* **Exercise**
The records below should be written out again, exactly.

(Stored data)
# # #

lemma convex_closure_range_displacement:
  fixes T :: "'a::{real_inner,complete_space} \<Rightarrow> 'a"
  assumes ne: "nonexpansive T"
  shows "convex (closure (range (\<lambda>x. x - T x)))"
proof (rule convex_closure_if_combinations_in_closure)
  fix x y and u :: real
  assume "x \<in> range (\<lambda>x. x - T x)" "y \<in> range (\<lambda>x. x - T x)" and u: "0 \<le> u" "u \<le> 1"
  then obtain z1 z2 where xy: "x = z1 - T z1" "y = z2 - T z2" by blast
  let ?c = "(1 - u) *\<^sub>R x + u *\<^sub>R y"
  obtain Q where Q: "\<And>t x. 0 < t \<Longrightarrow> t \<le> 1 \<Longrightarrow> x - T x = ?c - t *\<^sub>R x \<Longrightarrow> (norm (t *\<^sub>R x))\<^sup>2 \<le> t * Q"
    using nonexpansive_resolvent_bound[OF ne, of "1 - u" z1 z2] u unfolding xy by auto
  show "?c \<in> closure (range (\<lambda>x. x - T x))"
  proof (rule mem_closure_if_dist_sq_le[where Q = Q])
    fix t :: real assume t: "0 < t" "t \<le> 1"
    then obtain w where w: "w - T w = ?c - t *\<^sub>R w" using nonexpansive_resolvent_exists[OF ne] by blast
    then have "(dist (w - T w) ?c)\<^sup>2 \<le> t * Q" using Q[OF t w] by (simp add: dist_norm)
    then show "\<exists>d\<in>range (\<lambda>x. x - T x). (dist d ?c)\<^sup>2 \<le> t * Q" by blast
  qed
qed

lemma displacement_eq_if_norm_le_infimal:
  fixes T :: "'a::{real_inner,complete_space} \<Rightarrow> 'a"
  assumes ne: "nonexpansive T" and v: "v = proj (closure (range (\<lambda>x. x - T x))) 0"
    and "norm (x - T x) \<le> norm v"
  shows "x - T x = v"
proof -
  let ?D = "closure (range (\<lambda>x. x - T x))"
  have D: "convex ?D" "closed ?D" "?D \<noteq> {}"
    using convex_closure_range_displacement[OF ne] by simp_all
  have min: "v \<in> ?D" "\<And>y. y \<in> ?D \<Longrightarrow> norm v \<le> norm y"
    unfolding v by (fact proj_zero_min_norm[OF D])+
  have "x - T x \<in> ?D" by (rule closure_subset[THEN subsetD, OF rangeI])
  from min_norm_unique[OF D(1) min this assms(3)] show ?thesis .
qed

lemma convex_Fix_nonexpansive:
  fixes S :: "'a::real_inner \<Rightarrow> 'a"
  assumes ne: "nonexpansive S"
  shows "convex (Fix S)"
  unfolding convex_alt
proof (intro ballI allI impI)
  fix y y' and l :: real
  assume "y \<in> Fix S" "y' \<in> Fix S" and l: "0 \<le> l \<and> l \<le> 1"
  then have y: "S y = y" "S y' = y'" by (auto simp: Fix_def)
  define w where "w = (1 - l) *\<^sub>R y + l *\<^sub>R y'"
  define a b where "a = S w - y" and "b = S w - y'"
  have "norm a \<le> norm (w - y)" "norm b \<le> norm (w - y')"
    using ne y unfolding nonexpansive_def a_def b_def by metis+
  moreover have "w - y = l *\<^sub>R (y' - y)" "w - y' = (1 - l) *\<^sub>R (y - y')"
    unfolding w_def by (simp_all add: algebra_simps)
  ultimately have ab: "norm a \<le> l * norm (y - y')" "norm b \<le> (1 - l) * norm (y - y')"
    using l by (simp_all add: norm_minus_commute)
  have "S w - w = (1 - l) *\<^sub>R a + l *\<^sub>R b" "a - b = y' - y"
    unfolding a_def b_def w_def by (simp_all add: algebra_simps)
  \<comment> \<open>\<open>S w\<close> lies in balls around \<open>y\<close>, \<open>y'\<close> with radii summing to \<open>\<parallel>y - y'\<parallel>\<close>; their only common point is \<open>w\<close>\<close>
  then have "(norm (S w - w))\<^sup>2 = (1 - l) * (norm a)\<^sup>2 + l * (norm b)\<^sup>2 - l * (1 - l) * (norm (y - y'))\<^sup>2"
    by (simp add: norm_sq_convex_combination norm_minus_commute)
  also have "\<dots> \<le> (1 - l) * (l * norm (y - y'))\<^sup>2 + l * ((1 - l) * norm (y - y'))\<^sup>2
      - l * (1 - l) * (norm (y - y'))\<^sup>2"
    using ab l by (intro diff_right_mono add_mono mult_left_mono power_mono) auto
  also have "\<dots> = 0" by (simp add: power2_eq_square algebra_simps)
  finally show "(1 - l) *\<^sub>R y + l *\<^sub>R y' \<in> Fix S" by (simp add: Fix_def w_def)
qed

lemma convex_diff_ray_mem:
  fixes C :: "'a::real_vector set"
  assumes cv: "convex C" and shift: "\<And>y. y \<in> C \<Longrightarrow> y - v \<in> C" and "y \<in> C" "0 \<le> t"
  shows "y - t *\<^sub>R v \<in> C"
proof -
  have nat: "y - real n *\<^sub>R v \<in> C" for n
  proof (induction n)
    case (Suc n)
    then show ?case using shift[OF Suc] by (simp add: algebra_simps)
  qed (simp add: \<open>y \<in> C\<close>)
  define n where "n = nat \<lfloor>t\<rfloor>"
  define s where "s = t - real n"
  have s: "0 \<le> s" "s \<le> 1" using \<open>0 \<le> t\<close> unfolding s_def n_def by linarith+
  have "y - t *\<^sub>R v = (1 - s) *\<^sub>R (y - real n *\<^sub>R v) + s *\<^sub>R (y - real (Suc n) *\<^sub>R v)"
    unfolding s_def by (simp add: algebra_simps)
  also have "\<dots> \<in> C" by (rule convexD_alt[OF cv nat nat s])
  finally show ?thesis .
qed

lemma Fix_shifted_arg_iff: "z \<in> Fix (\<lambda>x. T (x + v)) \<longleftrightarrow> z + v \<in> Fix (\<lambda>x. v + T x)"
  for T :: "'a::real_vector \<Rightarrow> 'a"
  by (auto simp: Fix_def algebra_simps)

context
  fixes T :: "'a::real_inner \<Rightarrow> 'a" and v :: 'a
  assumes ne: "nonexpansive T"
    and infimal: "\<And>x. norm (x - T x) \<le> norm v \<Longrightarrow> x - T x = v"
begin

lemma Fix_add_const_diff_mem:
  assumes "y \<in> Fix (\<lambda>x. v + T x)"
  shows "y - v \<in> Fix (\<lambda>x. v + T x)"
proof -
  have y: "T y = y - v" using assms by (auto simp: Fix_def algebra_simps)
  have "norm (T y - T (T y)) \<le> norm (y - T y)" using ne unfolding nonexpansive_def by blast
  then have "T y - T (T y) = v" using infimal[of "T y"] y by simp
  then show ?thesis using y by (simp add: Fix_def algebra_simps)
qed

lemma Fix_add_const_diff_ray_mem:
  assumes "y \<in> Fix (\<lambda>x. v + T x)" "0 \<le> t"
  shows "y - t *\<^sub>R v \<in> Fix (\<lambda>x. v + T x)"
  using convex_diff_ray_mem[OF convex_Fix_nonexpansive[OF nonexpansive_add_const[OF ne]]
      Fix_add_const_diff_mem assms] .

# # #

* **Completed task**
lemma convex_closure_range_displacement:
  fixes T :: "'a::{real_inner,complete_space} \<Rightarrow> 'a"
  assumes ne: "nonexpansive T"
  shows "convex (closure (range (\<lambda>x. x - T x)))"
proof (rule convex_closure_if_combinations_in_closure)
  fix x y and u :: real
  assume "x \<in> range (\<lambda>x. x - T x)" "y \<in> range (\<lambda>x. x - T x)" and u: "0 \<le> u" "u \<le> 1"
  then obtain z1 z2 where xy: "x = z1 - T z1" "y = z2 - T z2" by blast
  let ?c = "(1 - u) *\<^sub>R x + u *\<^sub>R y"
  obtain Q where Q: "\<And>t x. 0 < t \<Longrightarrow> t \<le> 1 \<Longrightarrow> x - T x = ?c - t *\<^sub>R x \<Longrightarrow> (norm (t *\<^sub>R x))\<^sup>2 \<le> t * Q"
    using nonexpansive_resolvent_bound[OF ne, of "1 - u" z1 z2] u unfolding xy by auto
  show "?c \<in> closure (range (\<lambda>x. x - T x))"
  proof (rule mem_closure_if_dist_sq_le[where Q = Q])
    fix t :: real assume t: "0 < t" "t \<le> 1"
    then obtain w where w: "w - T w = ?c - t *\<^sub>R w" using nonexpansive_resolvent_exists[OF ne] by blast
    then have "(dist (w - T w) ?c)\<^sup>2 \<le> t * Q" using Q[OF t w] by (simp add: dist_norm)
    then show "\<exists>d\<in>range (\<lambda>x. x - T x). (dist d ?c)\<^sup>2 \<le> t * Q" by blast
  qed
qed

lemma displacement_eq_if_norm_le_infimal:
  fixes T :: "'a::{real_inner,complete_space} \<Rightarrow> 'a"
  assumes ne: "nonexpansive T" and v: "v = proj (closure (range (\<lambda>x. x - T x))) 0"
    and "norm (x - T x) \<le> norm v"
  shows "x - T x = v"
proof -
  let ?D = "closure (range (\<lambda>x. x - T x))"
  have D: "convex ?D" "closed ?D" "?D \<noteq> {}"
    using convex_closure_range_displacement[OF ne] by simp_all
  have min: "v \<in> ?D" "\<And>y. y \<in> ?D \<Longrightarrow> norm v \<le> norm y"
    unfolding v by (fact proj_zero_min_norm[OF D])+
  have "x - T x \<in> ?D" by (rule closure_subset[THEN subsetD, OF rangeI])
  from min_norm_unique[OF D(1) min this assms(3)] show ?thesis .
qed

lemma convex_Fix_nonexpansive:
  fixes S :: "'a::real_inner \<Rightarrow> 'a"
  assumes ne: "nonexpansive S"
  shows "convex (Fix S)"
  unfolding convex_alt
proof (intro ballI allI impI)
  fix y y' and l :: real
  assume "y \<in> Fix S" "y' \<in> Fix S" and l: "0 \<le> l \<and> l \<le> 1"
  then have y: "S y = y" "S y' = y'" by (auto simp: Fix_def)
  define w where "w = (1 - l) *\<^sub>R y + l *\<^sub>R y'"
  define a b where "a = S w - y" and "b = S w - y'"
  have "norm a \<le> norm (w - y)" "norm b \<le> norm (w - y')"
    using ne y unfolding nonexpansive_def a_def b_def by metis+
  moreover have "w - y = l *\<^sub>R (y' - y)" "w - y' = (1 - l) *\<^sub>R (y - y')"
    unfolding w_def by (simp_all add: algebra_simps)
  ultimately have ab: "norm a \<le> l * norm (y - y')" "norm b \<le> (1 - l) * norm (y - y')"
    using l by (simp_all add: norm_minus_commute)
  have "S w - w = (1 - l) *\<^sub>R a + l *\<^sub>R b" "a - b = y' - y"
    unfolding a_def b_def w_def by (simp_all add: algebra_simps)
  \<comment> \<open>\<open>S w\<close> lies in balls around \<open>y\<close>, \<open>y'\<close> with radii summing to \<open>\<parallel>y - y'\<parallel>\<close>; their only common point is \<open>w\<close>\<close>
  then have "(norm (S w - w))\<^sup>2 = (1 - l) * (norm a)\<^sup>2 + l * (norm b)\<^sup>2 - l * (1 - l) * (norm (y - y'))\<^sup>2"
    by (simp add: norm_sq_convex_combination norm_minus_commute)
  also have "\<dots> \<le> (1 - l) * (l * norm (y - y'))\<^sup>2 + l * ((1 - l) * norm (y - y'))\<^sup>2
      - l * (1 - l) * (norm (y - y'))\<^sup>2"
    using ab l by (intro diff_right_mono add_mono mult_left_mono power_mono) auto
  also have "\<dots> = 0" by (simp add: power2_eq_square algebra_simps)
  finally show "(1 - l) *\<^sub>R y + l *\<^sub>R y' \<in> Fix S" by (simp add: Fix_def w_def)
qed

lemma convex_diff_ray_mem:
  fixes C :: "'a::real_vector set"
  assumes cv: "convex C" and shift: "\<And>y. y \<in> C \<Longrightarrow> y - v \<in> C" and "y \<in> C" "0 \<le> t"
  shows "y - t *\<^sub>R v \<in> C"
proof -
  have nat: "y - real n *\<^sub>R v \<in> C" for n
  proof (induction n)
    case (Suc n)
    then show ?case using shift[OF Suc] by (simp add: algebra_simps)
  qed (simp add: \<open>y \<in> C\<close>)
  define n where "n = nat \<lfloor>t\<rfloor>"
  define s where "s = t - real n"
  have s: "0 \<le> s" "s \<le> 1" using \<open>0 \<le> t\<close> unfolding s_def n_def by linarith+
  have "y - t *\<^sub>R v = (1 - s) *\<^sub>R (y - real n *\<^sub>R v) + s *\<^sub>R (y - real (Suc n) *\<^sub>R v)"
    unfolding s_def by (simp add: algebra_simps)
  also have "\<dots> \<in> C" by (rule convexD_alt[OF cv nat nat s])
  finally show ?thesis .
qed

lemma Fix_shifted_arg_iff: "z \<in> Fix (\<lambda>x. T (x + v)) \<longleftrightarrow> z + v \<in> Fix (\<lambda>x. v + T x)"
  for T :: "'a::real_vector \<Rightarrow> 'a"
  by (auto simp: Fix_def algebra_simps)

context
  fixes T :: "'a::real_inner \<Rightarrow> 'a" and v :: 'a
  assumes ne: "nonexpansive T"
    and infimal: "\<And>x. norm (x - T x) \<le> norm v \<Longrightarrow> x - T x = v"
begin

lemma Fix_add_const_diff_mem:
  assumes "y \<in> Fix (\<lambda>x. v + T x)"
  shows "y - v \<in> Fix (\<lambda>x. v + T x)"
proof -
  have y: "T y = y - v" using assms by (auto simp: Fix_def algebra_simps)
  have "norm (T y - T (T y)) \<le> norm (y - T y)" using ne unfolding nonexpansive_def by blast
  then have "T y - T (T y) = v" using infimal[of "T y"] y by simp
  then show ?thesis using y by (simp add: Fix_def algebra_simps)
qed

lemma Fix_add_const_diff_ray_mem:
  assumes "y \<in> Fix (\<lambda>x. v + T x)" "0 \<le> t"
  shows "y - t *\<^sub>R v \<in> Fix (\<lambda>x. v + T x)"
  using convex_diff_ray_mem[OF convex_Fix_nonexpansive[OF nonexpansive_add_const[OF ne]]
      Fix_add_const_diff_mem assms] .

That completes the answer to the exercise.